|Publication number||US6687965 B2|
|Application number||US 10/101,335|
|Publication date||Feb 10, 2004|
|Filing date||Mar 20, 2002|
|Priority date||Jun 29, 2000|
|Also published as||US6385848, US20030084571|
|Publication number||10101335, 101335, US 6687965 B2, US 6687965B2, US-B2-6687965, US6687965 B2, US6687965B2|
|Original Assignee||Siemens Automotive Corporation|
|Export Citation||BiBTeX, EndNote, RefMan|
|Patent Citations (18), Referenced by (3), Classifications (16), Legal Events (5)|
|External Links: USPTO, USPTO Assignment, Espacenet|
The present application is a divisional application filed pursuant to 35 U.S.C. §§120 and 121 and claims the benefits if prior application Ser. No. 09/606,160 filed Jun. 29, 2000, now U.S. Pat. No. 6,385,848, which is hereby incorporated by reference in its entirety.
The present invention is directed to a method of setting armature/needle lift in a fuel injector by plastic deformation of a structural component of the fuel injector.
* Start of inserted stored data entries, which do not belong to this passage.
lemma freely_reduced_cancel: "freely_reduced w \<Longrightarrow> freely_reduced (cancel x w)"
  by (cases w) (auto simp: successively_Cons)

lemma freely_reduced_foldr_cancel: "freely_reduced w \<Longrightarrow> freely_reduced (foldr cancel u w)"
  by (induction u) (auto intro: freely_reduced_cancel)

lemma freely_reduced_reduce: "freely_reduced (reduce u)"
  unfolding reduce_def by (rule freely_reduced_foldr_cancel) simp

lemma set_cancel_subset: "set (cancel x w) \<subseteq> insert x (set w)"
  by (cases w) auto

lemma set_reduce_subset: "set (reduce u) \<subseteq> set u"
proof -
  have "set (foldr cancel u w) \<subseteq> set u \<union> set w" for w
    by (induction u) (use set_cancel_subset in fastforce)+
  then show ?thesis unfolding reduce_def by fastforce
qed

lemma reduce_eq_self: "freely_reduced w \<Longrightarrow> reduce w = w"
  unfolding reduce_def by (induction w) (auto simp: successively_Cons cancel_conv)

lemma reduce_append: "reduce (u @ v) = foldr cancel u (reduce v)"
  by (simp add: reduce_def)

lemma cancel_cancel_inv_letter: "freely_reduced w \<Longrightarrow> cancel x (cancel (inv_letter x) w) = w"
  by (cases w) (auto simp: successively_Cons cancel_conv)

definition inv_word :: "'a letter list \<Rightarrow> 'a letter list" where
  "inv_word w = rev (map inv_letter w)"

lemma inv_word_inv_word [simp]: "inv_word (inv_word w) = w"
  by (simp add: inv_word_def rev_map comp_def)

lemma inv_word_Cons: "inv_word (x # w) = inv_word w @ [inv_letter x]"
  by (simp add: inv_word_def)

lemma inv_word_append: "inv_word (u @ v) = inv_word v @ inv_word u"
  by (simp add: inv_word_def)

lemma set_inv_word: "set (inv_word w) = inv_letter ` set w"
  by (simp add: inv_word_def)

lemma length_inv_word [simp]: "length (inv_word w) = length w"
  by (simp add: inv_word_def)

lemma inv_word_eq_iff [simp]: "inv_word u = inv_word v \<longleftrightarrow> u = v"
  by (metis inv_word_inv_word)

lemma freely_reduced_inv_word: "freely_reduced (inv_word w) \<longleftrightarrow> freely_reduced w"
proof -
  have "successively (\<lambda>x y. inv_letter x \<noteq> inv_letter (inv_letter y)) w \<longleftrightarrow> freely_reduced w"
    by (rule successively_cong) (auto simp: inv_letter_def)
  then show ?thesis by (simp add: inv_word_def successively_map del: inv_letter_inv_letter)
qed

lemma foldr_cancel_inv_word:
  "freely_reduced w \<Longrightarrow> foldr cancel u (foldr cancel (inv_word u) w) = w"
proof (induction u arbitrary: w)
  case (Cons x u)
  have "foldr cancel (x # u) (foldr cancel (inv_word (x # u)) w)
      = cancel x (foldr cancel u (foldr cancel (inv_word u) (cancel (inv_letter x) w)))"
    by (simp add: inv_word_Cons)
  also have "\<dots> = cancel x (cancel (inv_letter x) w)"
    using Cons by (simp add: freely_reduced_cancel)
  also have "\<dots> = w" using Cons.prems by (rule cancel_cancel_inv_letter)
  finally show ?case .
qed (simp add: inv_word_def)

lemma foldr_cancel_reduce: "freely_reduced w \<Longrightarrow> foldr cancel (reduce u) w = foldr cancel u w"
proof (induction u arbitrary: w)
  case (Cons x u)
  define r where "r = reduce u"
  have r: "freely_reduced r" "reduce (x # u) = cancel x r"
    by (simp add: r_def freely_reduced_reduce) (simp add: r_def reduce_def)
  show ?case
  proof (cases "r \<noteq> [] \<and> hd r = inv_letter x")
    case True
    then obtain r' where r': "r = inv_letter x # r'" by (cases r) auto
    have "foldr cancel (reduce (x # u)) w = foldr cancel r' w" using r r' by simp
    also have "\<dots> = cancel x (foldr cancel r w)"
      using r' Cons.prems by (simp add: cancel_cancel_inv_letter freely_reduced_foldr_cancel)
    finally show ?thesis using Cons r_def by simp
  next
    case False
    then have "cancel x r = x # r" by (auto simp: cancel_conv)
    then show ?thesis using r Cons r_def by simp
  qed
qed (simp add: reduce_def)

lemma reduce_reduce_append: "reduce (reduce u @ v) = reduce (u @ v)"
  by (simp add: reduce_append foldr_cancel_reduce freely_reduced_reduce)

lemma reduce_append_reduce: "reduce (u @ reduce v) = reduce (u @ v)"
  by (simp add: reduce_append reduce_eq_self freely_reduced_reduce)

lemma carrier_free_group: "carrier (free_group A) = reduced_words A"
  by (simp add: free_group_def)

lemma mult_free_group: "u \<otimes>\<^bsub>free_group A\<^esub> v = reduce (u @ v)"
  by (simp add: free_group_def)

lemma one_free_group: "\<one>\<^bsub>free_group A\<^esub> = []"
  by (simp add: free_group_def)

lemma inv_free_group:
  assumes "h \<in> reduced_words A"
  shows "inv\<^bsub>free_group A\<^esub> h = inv_word h"
proof -
  have h: "freely_reduced h" "fst ` set h \<subseteq> A"
    using assms by (auto simp: reduced_words_def reduced_iff_freely_reduced)
  have "reduce (h @ inv_word h) = foldr cancel h (foldr cancel (inv_word h) [])"
    by (simp add: reduce_def)
  then have cancel_right: "reduce (h @ inv_word h) = []"
    by (simp add: foldr_cancel_inv_word)
  have "reduce (inv_word h @ h) = foldr cancel (inv_word h) (foldr cancel (inv_word (inv_word h)) [])"
    by (simp add: reduce_def)
  then have cancel_left: "reduce (inv_word h @ h) = []"
    by (simp only: foldr_cancel_inv_word successively.simps)
  have inv_h: "inv_word h \<in> reduced_words A"
    using h by (auto simp: reduced_words_def reduced_iff_freely_reduced freely_reduced_inv_word set_inv_word)
  show ?thesis unfolding m_inv_def mult_free_group one_free_group carrier_free_group
  proof (rule the_equality)
    fix y assume y: "y \<in> reduced_words A \<and> reduce (h @ y) = [] \<and> reduce (y @ h) = []"
    then have "freely_reduced y" by (simp add: reduced_words_def reduced_iff_freely_reduced)
    then have "y = foldr cancel (inv_word h) (foldr cancel h y)"
      by (simp add: foldr_cancel_inv_word[of y "inv_word h", simplified])
    also have "\<dots> = foldr cancel (inv_word h) (reduce (h @ y))"
      using \<open>freely_reduced y\<close> by (simp add: reduce_append reduce_eq_self)
    also have "\<dots> = reduce (inv_word h)" using y by (simp add: reduce_def[of "inv_word h"])
    also have "\<dots> = inv_word h" using h by (simp add: reduce_eq_self freely_reduced_inv_word)
    finally show "y = inv_word h" .
  qed (intro conjI inv_h cancel_left cancel_right)
qed

lemma generate_free_group_elem:
  assumes "G \<subseteq> reduced_words A" "w \<in> generate (free_group A) G"
  shows "\<exists>\<sigma>. set \<sigma> \<subseteq> G \<union> inv_word ` G \<and> w = reduce (concat \<sigma>)"
  using assms(2)
proof (induction rule: generate.induct)
  case one
  show ?case by (rule exI[of _ "[]"]) (simp add: one_free_group reduce_def)
next
  case (incl h)
  then have "freely_reduced h"
    using assms(1) by (auto simp: reduced_words_def reduced_iff_freely_reduced)
  then show ?case using incl by (intro exI[of _ "[h]"]) (simp add: reduce_eq_self)
next
  case (inv h)
  then have "freely_reduced h" "inv\<^bsub>free_group A\<^esub> h = inv_word h"
    using assms(1) inv_free_group[of h A] by (auto simp: reduced_words_def reduced_iff_freely_reduced)
  then show ?case using inv
    by (intro exI[of _ "[inv_word h]"]) (auto simp: reduce_eq_self freely_reduced_inv_word)
next
  case (eng h1 h2)
  then obtain \<sigma>1 \<sigma>2 where "set \<sigma>1 \<subseteq> G \<union> inv_word ` G" "h1 = reduce (concat \<sigma>1)"
    "set \<sigma>2 \<subseteq> G \<union> inv_word ` G" "h2 = reduce (concat \<sigma>2)" by blast
  then show ?case
    by (intro exI[of _ "\<sigma>1 @ \<sigma>2"]) (simp add: mult_free_group reduce_reduce_append reduce_append_reduce)
qed

section \<open>Products of prefix-marked words\<close>

fun cancel_word :: "'a letter list \<Rightarrow> 'a letter list list \<Rightarrow> 'a letter list list" where
  "cancel_word x [] = [x]"
| "cancel_word x (y # ys) = (if y = inv_word x then ys else x # y # ys)"

definition reduce_seq :: "'a letter list list \<Rightarrow> 'a letter list list" where
  "reduce_seq s = foldr cancel_word s []"

abbreviation freely_reduced_seq :: "'a letter list list \<Rightarrow> bool" where
  "freely_reduced_seq \<equiv> successively (\<lambda>x y. y \<noteq> inv_word x)"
Fuel injectors are commonly employed in internal combustion engines to provide precise metering of fuel for introduction into each combustion chamber. Additionally, the fuel injector atomizes the fuel during injection, breaking the fuel into a large number of very small particles, increasing the surface area of the fuel being injected and allowing the oxidizer, typically ambient air, to more thoroughly mix with the fuel prior to combustion. The precise metering and atomization of the fuel reduces combustion emissions and increases the fuel efficiency of the engine.
An electro-magnetic fuel injector typically utilizes a solenoid assembly to supply an actuating force to a fuel metering valve. Typically, the fuel metering valve is a plunger style needle valve which reciprocates between a closed position, when the needle is seated in a valve seat along a sealing diameter to prevent fuel from escaping through a metering orifice disc into the combustion chamber, and an open position, where the needle is lifted from the valve seat, allowing fuel to discharge through the metering orifice for introduction into the combustion chamber.
Accurate lift set for the needle is important because the lift height affects the static flow of fuel through the injector. The previously known process of “direct lift set” requires very accurate machines and metering components, and special geometry between a lower subassembly and an upper subassembly of the injector to form a “lock” which holds the relative positions of the assemblies during connection of the subassemblies. The lower subassembly is generally comprised of a valve body, a seat/guide assembly, and an armature/needle assembly. The upper subassembly is generally comprised of a coil, an inlet tube, a housing, a non-magnetic shell, and a valve body shell.
The upper and lower subassemblies are pressed together to set the lift, with the interface occurring between the valve body and the valve body shell. This press involves shearing metal, causing a “chip” to shear off the valve body shell into a groove in the valve body. When attempting to push the two subassemblies together, the motion required to force the desired relationship is quite variable. For example, a 1000 Newton force may cause no motion, but a 1005 Newton force may cause the subassemblies to move 100 microns with respect to each other. It is seen, therefore, that control of the relative motions is difficult. For example, if the tooling used to set the lift pushes the subassemblies 20 microns closer together, the individual parts in each subassembly may compress some unknown amount, and the relative position of the parts may move some other, also unknown, amount. There is no absolute control of the relative positions of the parts, which makes direct lift setting a less than perfect process.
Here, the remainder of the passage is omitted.